Two Short Risks (amongst others)
1. Margin Call - the Broker can require you to increase your total funds in an account as a short position grows to cover additional risk.
2. Forced Buy-ins - (sounds like this is what happened to you, and as mentioned by smaycs4). The broker can call for the return of shares at any time, unilaterally, and you must buy those shares in the open market and return them to your broker. If you dont do it, the broker will do it themselves.
This often happens at inopportune times such as when the share price is increasing and the original share owners (who you borrowed from) want to sell and grab profits. Although its happened to me in the opposite case where the share price was falling extremely fast over a short period of time.
I have followed the company for over the past year. Even with new management in place and under going a turnaround, I can't seem to wrap my head around the current price. It seems to me that current momentum, driven by technical alerts are what is currently moving share price. Any further insight it welcome.
You're just as sleazy as you indignantly accuse me of being. You talk up your book.

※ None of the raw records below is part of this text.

section \<open>The graph of u in coordinates\<close>

lemma pd_has_real_derivative:
  fixes f :: "real^'n::finite \<Rightarrow> real"
  assumes "f differentiable (at x)"
  shows "((\<lambda>t. f (x + t *\<^sub>R axis i 1)) has_real_derivative pd i f x) (at 0)"
proof -
  obtain f' where f': "(f has_derivative f') (at x)" using assms by (auto simp: differentiable_def)
  have "((\<lambda>t. x + t *\<^sub>R axis i 1) has_derivative (\<lambda>t. t *\<^sub>R axis i 1)) (at 0)"
    by (auto intro!: derivative_eq_intros)
  from has_derivative_compose[OF this, of f f'] have
    "((\<lambda>t. f (x + t *\<^sub>R axis i 1)) has_derivative (\<lambda>t. t * f' (axis i 1))) (at 0)"
    using f' linear_scale[OF has_derivative_linear[OF f']] by simp
  then have d: "((\<lambda>t. f (x + t *\<^sub>R axis i 1)) has_real_derivative f' (axis i 1)) (at 0)"
    by (simp add: has_field_derivative_def mult_commute_abs)
  moreover from d have "pd i f x = f' (axis i 1)" unfolding pd_def by (rule DERIV_imp_deriv)
  ultimately show ?thesis by simp
qed

lemma pos_def_riem_metric:
  assumes "riem_metric_on U \<sigma>" "x \<in> U"
  shows "pos_def (\<sigma> x)"
  using assms by (simp add: riem_metric_on_def pos_def_def)

lemma gradsq_sigma_has_real_derivative:
  assumes "open U" "riem_metric_on U \<sigma>" "smooth_on U u" "x \<in> U"
  defines "w \<equiv> matrix_inv (\<sigma> x) *v Du u x"
  shows "((\<lambda>t. gradsq_sigma \<sigma> u (x + t *\<^sub>R axis j 1)) has_real_derivative
      2 * ((\<chi> a. pd j (pd a u) x) \<bullet> w) - w \<bullet> ((\<chi> a b. pd j (\<lambda>y. \<sigma> y $ a $ b) x) *v w)) (at 0)"
proof -
  define \<gamma> where "\<gamma> t = x + t *\<^sub>R axis j 1" for t
  have "pd a u differentiable (at x)" for a
    using assms(3,4) unfolding smooth_on_def by (metis iter_pd.simps)
  then have dP: "((\<lambda>t. Du u (\<gamma> t) $ a) has_real_derivative (\<chi> a. pd j (pd a u) x) $ a) (at 0)" for a
    by (simp add: Du_def \<gamma>_def pd_has_real_derivative)
  have "(\<lambda>y. \<sigma> y $ a $ b) differentiable (at x)" for a b
    using assms(2,4) unfolding riem_metric_on_def smooth_on_def by (metis iter_pd.simps(1))
  from pd_has_real_derivative[OF this]
  have dS: "((\<lambda>t. \<sigma> (\<gamma> t) $ a $ b) has_real_derivative (\<chi> a b. pd j (\<lambda>y. \<sigma> y $ a $ b) x) $ a $ b) (at 0)"
    for a b
    by (simp add: \<gamma>_def)
  have "(\<gamma> \<longlongrightarrow> x) (at 0)"
    unfolding \<gamma>_def by (auto intro!: tendsto_eq_intros)
  from topological_tendstoD[OF this assms(1,4)] have pos: "\<forall>\<^sub>F t in at 0. pos_def (\<sigma> (\<gamma> t))"
    by (rule eventually_mono) (rule pos_def_riem_metric[OF assms(2)])
  have pos0: "pos_def (\<sigma> (\<gamma> 0))" by (simp add: \<gamma>_def pos_def_riem_metric[OF assms(2,4)])
  from inverse_form_has_real_derivative[OF dP dS pos pos0] show ?thesis
    by (simp add: gradsq_sigma_def \<gamma>_def w_def)
qed

lemma pd_vfun:
  assumes "open U" "riem_metric_on U \<sigma>" "smooth_on U u" "x \<in> U" "gradsq_sigma \<sigma> u x < 1"
  defines "w \<equiv> matrix_inv (\<sigma> x) *v Du u x"
  shows "pd j (vfun \<sigma> u) x = vfun \<sigma> u x ^ 3 *
      ((\<chi> a. pd j (pd a u) x) \<bullet> w - 1 / 2 * (w \<bullet> ((\<chi> a b. pd j (\<lambda>y. \<sigma> y $ a $ b) x) *v w)))"
proof -
  define g where "g t = gradsq_sigma \<sigma> u (x + t *\<^sub>R axis j 1)" for t
  define g' where "g' = 2 * ((\<chi> a. pd j (pd a u) x) \<bullet> w) - w \<bullet> ((\<chi> a b. pd j (\<lambda>y. \<sigma> y $ a $ b) x) *v w)"
  define r where "r = sqrt (1 - g 0)"
  have dg: "(g has_real_derivative g') (at 0)"
    unfolding g_def g'_def w_def by (rule gradsq_sigma_has_real_derivative[OF assms(1-4)])
  have pos: "0 < 1 - g 0" using assms(5) by (simp add: g_def)
  have "((\<lambda>t. sqrt (1 - g t)) has_real_derivative inverse r / 2 * (0 - g')) (at 0)"
    unfolding r_def by (rule DERIV_chain2[OF DERIV_real_sqrt[OF pos] DERIV_diff[OF DERIV_const dg]])
  moreover have "sqrt (1 - g 0) \<noteq> 0" using pos by simp
  ultimately have "((\<lambda>t. inverse (sqrt (1 - g t))) has_real_derivative
      - (inverse r / 2 * (0 - g') * inverse (r ^ Suc (Suc 0)))) (at 0)"
    using DERIV_inverse_fun unfolding r_def by blast
  moreover have "(\<lambda>t. vfun \<sigma> u (x + t *\<^sub>R axis j 1)) = (\<lambda>t. inverse (sqrt (1 - g t)))"
    by (simp add: fun_eq_iff vfun_def g_def divide_inverse)
  ultimately have "pd j (vfun \<sigma> u) x = - (inverse r / 2 * (0 - g') * inverse (r ^ Suc (Suc 0)))"
    unfolding pd_def by (simp add: DERIV_imp_deriv)
  also have "\<dots> = inverse r ^ 3 * (g' / 2)"
    by (simp add: power3_eq_cube inverse_mult_distrib)
  also have "inverse r = vfun \<sigma> u x" by (simp add: r_def vfun_def g_def divide_inverse)
  finally show ?thesis by (simp add: g'_def field_simps)
qed

lemma gind_eq_rank_one_update: "gind \<sigma> u x = (\<chi> i j. \<sigma> x $ i $ j - Du u x $ i * Du u x $ j)"
  by (simp add: gind_def Du_def)

lemma pos_def_ginv:
  assumes "pos_def (\<sigma> x)" "gradsq_sigma \<sigma> u x < 1"
  shows "pos_def (ginv \<sigma> u x)"
  using assms unfolding ginv_def gind_eq_rank_one_update gradsq_sigma_def
  by (intro pos_def_matrix_inv pos_def_rank_one_update)

lemma ginv_mult_Du:
  assumes "pos_def (\<sigma> x)" "gradsq_sigma \<sigma> u x < 1"
  shows "ginv \<sigma> u x *v Du u x = (vfun \<sigma> u x)\<^sup>2 *\<^sub>R (matrix_inv (\<sigma> x) *v Du u x)"
  using rank_one_update_inverse[OF assms[unfolded gradsq_sigma_def]] assms(2)
  by (simp add: ginv_def gind_eq_rank_one_update vfun_def gradsq_sigma_def power_divide)

lemma ginner_grad_eq_inner: "ginner_grad \<sigma> u f h x = Du f x \<bullet> (ginv \<sigma> u x *v Du h x)"
  by (simp add: ginner_grad_def quadratic_form_sum Du_def mult_ac)

lemma christoffel_contraction:
  fixes \<sigma> :: "real^'n::finite \<Rightarrow> real^'n^'n" and p :: "real^'n"
  assumes "pos_def (\<sigma> x)"
  defines "w \<equiv> matrix_inv (\<sigma> x) *v p"
  shows "(\<Sum>a\<in>UNIV. w$a * (\<Sum>k\<in>UNIV. christoffel \<sigma> x k j a * p$k))
       = 1 / 2 * (w \<bullet> ((\<chi> a b. pd j (\<lambda>y. \<sigma> y $ a $ b) x) *v w))"
proof -
  define D where "D i a b = pd i (\<lambda>y. \<sigma> y $ a $ b) x" for i a b
  have "transpose (matrix_inv (\<sigma> x)) = matrix_inv (\<sigma> x)"
    using pos_def_matrix_inv[OF assms(1)] by (simp add: pos_def_def)
  then have w: "(\<Sum>k\<in>UNIV. matrix_inv (\<sigma> x) $ k $ l * p$k) = w$l" for l
    by (simp add: w_def matrix_vector_mult_def symmetric_matrix_entry[of "matrix_inv (\<sigma> x)" _ l])
  have "(\<Sum>k\<in>UNIV. christoffel \<sigma> x k j a * p$k)
      = 1 / 2 * (\<Sum>l\<in>UNIV. (\<Sum>k\<in>UNIV. matrix_inv (\<sigma> x) $ k $ l * p$k) * (D j a l + D a j l - D l j a))"
    for a
    by (simp add: christoffel_def D_def sum_distrib_left sum_distrib_right mult_ac)
      (subst sum.swap, simp)
  then have \<Gamma>: "(\<Sum>k\<in>UNIV. christoffel \<sigma> x k j a * p$k) = 1 / 2 * (\<Sum>l\<in>UNIV. w$l * (D j a l + D a j l - D l j a))"
    for a
    by (simp only: w)
  have "(\<Sum>a\<in>UNIV. w$a * (\<Sum>k\<in>UNIV. christoffel \<sigma> x k j a * p$k))
      = 1 / 2 * ((\<Sum>a\<in>UNIV. \<Sum>l\<in>UNIV. w$a * w$l * D j a l) + (\<Sum>a\<in>UNIV. \<Sum>l\<in>UNIV. w$a * w$l * D a j l)
          - (\<Sum>a\<in>UNIV. \<Sum>l\<in>UNIV. w$a * w$l * D l j a))"
    unfolding \<Gamma> by (simp add: sum_distrib_left algebra_simps sum.distrib sum_subtractf)
  \<comment> \<open>the last two terms of the Christoffel symbols cancel against each other\<close>
  also have "(\<Sum>a\<in>UNIV. \<Sum>l\<in>UNIV. w$a * w$l * D a j l) = (\<Sum>a\<in>UNIV. \<Sum>l\<in>UNIV. w$a * w$l * D l j a)"
    by (subst sum.swap) (simp add: mult_ac)
  finally show ?thesis by (simp add: quadratic_form_sum D_def mult_ac)
qed

lemma secff_eq_christoffel:
  assumes "pos_def (\<sigma> x)"
  shows "secff \<sigma> u x i j
       = vfun \<sigma> u x * ((\<Sum>k\<in>UNIV. christoffel \<sigma> x k i j * Du u x $ k) - pd i (pd j u) x)"
  by (simp add: secff_def hprod_def unormal_def matrix_vector_mult_scaleR inner_vec_def
      invertible_matrix_inv_vector pos_def_invertible assms sum_distrib_left algebra_simps)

I reinitiated a short position, a few weeks back, and continue to add. If you read the last conference call transcript, it is pretty clear that the current quarter is going to have what Rouleau sedulously refers to as "lumps and bumps."
I believe the inside buying by him and the chairman are pulling the wool over the market's eyes, and are setting up for a major disappointment upon the next earnings release.
This stock is FULLY PRICED for any reqsonable prospects of a turnaround now. $1 in EPS is a 20% ROE, and I think it is doubtful they will achieve more than that, at best. Slap a 15-18 multiple on that and you got a $15-18 stock. Even if they do $1.50 in EPS, if you slap a 15 multiple on that, it's $22.50.
The EVIDENCE suggests that the additional sales volume is NOT coming through, with the repositioned merchandising. They are getting more traffic, but a LOWER average ticket. That means the lower initial markups are a double edged sword, and they are giving away margin, as they are getting nominallly more overall volume. The bulls will argue that the consumer needs time to "rediscover" the "new" TUES....and that is possible....but i would certainly say, as far as the Street is concerned, that with the stock in nosebleed territory now, it is do or die time for Christmas.